Repeat nothing but the line containing "theory Defs" and the lines that follow it, up to and including the last line of the data below.
------------------------------------
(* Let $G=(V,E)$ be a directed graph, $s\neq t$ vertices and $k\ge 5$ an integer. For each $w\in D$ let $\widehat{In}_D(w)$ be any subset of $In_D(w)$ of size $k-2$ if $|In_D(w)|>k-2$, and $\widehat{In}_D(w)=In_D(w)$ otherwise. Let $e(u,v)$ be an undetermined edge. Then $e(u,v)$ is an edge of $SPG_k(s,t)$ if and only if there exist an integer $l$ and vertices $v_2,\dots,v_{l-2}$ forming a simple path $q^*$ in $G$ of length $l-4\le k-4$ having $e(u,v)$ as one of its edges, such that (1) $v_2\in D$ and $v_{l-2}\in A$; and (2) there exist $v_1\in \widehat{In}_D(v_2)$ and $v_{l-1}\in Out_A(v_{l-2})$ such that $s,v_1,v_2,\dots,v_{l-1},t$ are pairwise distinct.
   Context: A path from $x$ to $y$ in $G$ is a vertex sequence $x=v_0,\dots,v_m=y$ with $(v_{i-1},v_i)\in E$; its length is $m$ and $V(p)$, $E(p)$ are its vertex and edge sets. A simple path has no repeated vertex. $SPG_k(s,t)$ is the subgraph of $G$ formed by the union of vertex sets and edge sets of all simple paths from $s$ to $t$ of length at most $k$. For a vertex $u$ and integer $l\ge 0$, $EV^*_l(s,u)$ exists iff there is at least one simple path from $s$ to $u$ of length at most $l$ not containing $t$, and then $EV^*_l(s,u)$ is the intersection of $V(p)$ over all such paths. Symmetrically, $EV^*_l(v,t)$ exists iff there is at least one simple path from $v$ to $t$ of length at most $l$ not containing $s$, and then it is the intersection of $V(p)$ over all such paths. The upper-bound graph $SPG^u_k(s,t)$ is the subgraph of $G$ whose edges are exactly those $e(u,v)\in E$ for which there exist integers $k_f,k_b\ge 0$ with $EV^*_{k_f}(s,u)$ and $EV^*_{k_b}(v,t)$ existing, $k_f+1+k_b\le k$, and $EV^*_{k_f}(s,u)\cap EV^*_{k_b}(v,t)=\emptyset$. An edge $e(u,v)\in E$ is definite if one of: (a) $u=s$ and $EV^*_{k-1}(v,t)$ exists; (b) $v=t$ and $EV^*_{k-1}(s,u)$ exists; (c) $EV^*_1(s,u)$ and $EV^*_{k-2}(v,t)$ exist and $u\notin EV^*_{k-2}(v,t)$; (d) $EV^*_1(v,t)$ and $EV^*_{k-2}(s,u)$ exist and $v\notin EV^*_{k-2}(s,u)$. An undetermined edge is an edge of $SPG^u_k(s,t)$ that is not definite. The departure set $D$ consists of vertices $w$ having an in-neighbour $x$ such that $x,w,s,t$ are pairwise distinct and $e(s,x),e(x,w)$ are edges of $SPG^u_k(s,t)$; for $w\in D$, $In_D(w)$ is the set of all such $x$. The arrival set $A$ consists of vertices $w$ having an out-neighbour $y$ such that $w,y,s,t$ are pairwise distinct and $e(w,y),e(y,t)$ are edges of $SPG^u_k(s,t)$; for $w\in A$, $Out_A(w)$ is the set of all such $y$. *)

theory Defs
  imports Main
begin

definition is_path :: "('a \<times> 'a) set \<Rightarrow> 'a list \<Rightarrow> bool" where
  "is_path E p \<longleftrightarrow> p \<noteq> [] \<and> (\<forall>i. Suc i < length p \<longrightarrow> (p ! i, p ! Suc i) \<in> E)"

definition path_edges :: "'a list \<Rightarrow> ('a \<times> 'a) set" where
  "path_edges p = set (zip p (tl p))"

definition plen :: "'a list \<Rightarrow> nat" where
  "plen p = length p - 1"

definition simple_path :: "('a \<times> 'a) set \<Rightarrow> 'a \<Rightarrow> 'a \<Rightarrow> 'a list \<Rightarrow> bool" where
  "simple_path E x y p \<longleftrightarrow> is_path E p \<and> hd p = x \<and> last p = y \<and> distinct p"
------------------------------------
## THE COMPLETED TASK
theory Defs
  imports Main
begin

definition is_path :: "('a \<times> 'a) set \<Rightarrow> 'a list \<Rightarrow> bool" where
  "is_path E p \<longleftrightarrow> p \<noteq> [] \<and> (\<forall>i. Suc i < length p \<longrightarrow> (p ! i, p ! Suc i) \<in> E)"

definition path_edges :: "'a list \<Rightarrow> ('a \<times> 'a) set" where
  "path_edges p = set (zip p (tl p))"

definition plen :: "'a list \<Rightarrow> nat" where
  "plen p = length p - 1"

definition simple_path :: "('a \<times> 'a) set \<Rightarrow> 'a \<Rightarrow> 'a \<Rightarrow> 'a list \<Rightarrow> bool" where
  "simple_path E x y p \<longleftrightarrow> is_path E p \<and> hd p = x \<and> last p = y \<and> distinct p"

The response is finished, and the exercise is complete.